(* Let $\Omega\subset\mathbb R^d$ be convex and compact with nonempty interior, and let $m\ge 2$. Consider the set $$\mathcal S=\Bigl\{\mathbf x\mapsto\sum_{i=1}^p\psi_i(\mathbf w_i^T\mathbf x):\ p\in\mathbb N,\ \psi_i\in C^{1,1}(\mathbb R)\text{ convex},\ \mathbf w_i\in\mathbb R^d\Bigr\}.$$ (i) The functions $R\colon\mathbb R^d\to\mathbb R$ of the form $R(\mathbf x)=\sum_{i}\psi_i(\mathbf w_i^T\mathbf x)$ with convex $\psi_i$ whose gradient has the form $\nabla R(\mathbf x)=\mathbf W^T\boldsymbol\sigma(\mathbf W\mathbf x)$ for some $q\in\mathbb N$, $\mathbf W\in\mathbb R^{q\times d}$ and $\sigma_i\in\mathcal{LS}^m_{\uparrow}(\mathbb R)$, are dense in $\mathcal S$ with respect to $\|\cdot\|_{C^1(\Omega)}$. (ii) The functions $R$ of the form $R(\mathbf x)=\sum_i\psi_i(\mathbf w_i^T\mathbf x)$ whose gradient has the form $\nabla R(\mathbf x)=\mathbf W^T\mathrm{ReLU}(\mathbf W\mathbf x-\mathbf b)$ for some $q\in\mathbb N$, $\mathbf W\in\mathbb R^{q\times d}$, $\mathbf b\in\mathbb R^q$, are not dense in $\mathcal S$ with respect to $\|\cdot\|_{C^1(\Omega)}$.
   Context: $C^{1,1}(\mathbb R)$ is the set of differentiable functions with Lipschitz-continuous derivative. $\boldsymbol\sigma$ and $\mathrm{ReLU}(t)=\max(t,0)$ act componentwise. $\mathcal{LS}^m_{\uparrow}(\mathbb R)$ is the set of increasing continuous piecewise-linear functions $\mathbb R\to\mathbb R$ with at most $m$ knots. For $f\colon\mathbb R^d\to\mathbb R$ differentiable, $\|f\|_{C^1(\Omega)}=\sup_{\mathbf x\in\Omega}|f(\mathbf x)|+\sup_{\mathbf x\in\Omega}\|\nabla f(\mathbf x)\|$. *)

theory Defs
  imports "HOL-Analysis.Analysis"
begin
***
| WORK TO COMPLETE |
Everything in the listing should be written out again exactly.

| SOLUTION FOR THIS EXERCISE |
(* Let $\Omega\subset\mathbb R^d$ be convex and compact with nonempty interior, and let $m\ge 2$. Consider the set $$\mathcal S=\Bigl\{\mathbf x\mapsto\sum_{i=1}^p\psi_i(\mathbf w_i^T\mathbf x):\ p\in\mathbb N,\ \psi_i\in C^{1,1}(\mathbb R)\text{ convex},\ \mathbf w_i\in\mathbb R^d\Bigr\}.$$ (i) The functions $R\colon\mathbb R^d\to\mathbb R$ of the form $R(\mathbf x)=\sum_{i}\psi_i(\mathbf w_i^T\mathbf x)$ with convex $\psi_i$ whose gradient has the form $\nabla R(\mathbf x)=\mathbf W^T\boldsymbol\sigma(\mathbf W\mathbf x)$ for some $q\in\mathbb N$, $\mathbf W\in\mathbb R^{q\times d}$ and $\sigma_i\in\mathcal{LS}^m_{\uparrow}(\mathbb R)$, are dense in $\mathcal S$ with respect to $\|\cdot\|_{C^1(\Omega)}$. (ii) The functions $R$ of the form $R(\mathbf x)=\sum_i\psi_i(\mathbf w_i^T\mathbf x)$ whose gradient has the form $\nabla R(\mathbf x)=\mathbf W^T\mathrm{ReLU}(\mathbf W\mathbf x-\mathbf b)$ for some $q\in\mathbb N$, $\mathbf W\in\mathbb R^{q\times d}$, $\mathbf b\in\mathbb R^q$, are not dense in $\mathcal S$ with respect to $\|\cdot\|_{C^1(\Omega)}$.
   Context: $C^{1,1}(\mathbb R)$ is the set of differentiable functions with Lipschitz-continuous derivative. $\boldsymbol\sigma$ and $\mathrm{ReLU}(t)=\max(t,0)$ act componentwise. $\mathcal{LS}^m_{\uparrow}(\mathbb R)$ is the set of increasing continuous piecewise-linear functions $\mathbb R\to\mathbb R$ with at most $m$ knots. For $f\colon\mathbb R^d\to\mathbb R$ differentiable, $\|f\|_{C^1(\Omega)}=\sup_{\mathbf x\in\Omega}|f(\mathbf x)|+\sup_{\mathbf x\in\Omega}\|\nabla f(\mathbf x)\|$. *)

theory Defs
  imports "HOL-Analysis.Analysis"
begin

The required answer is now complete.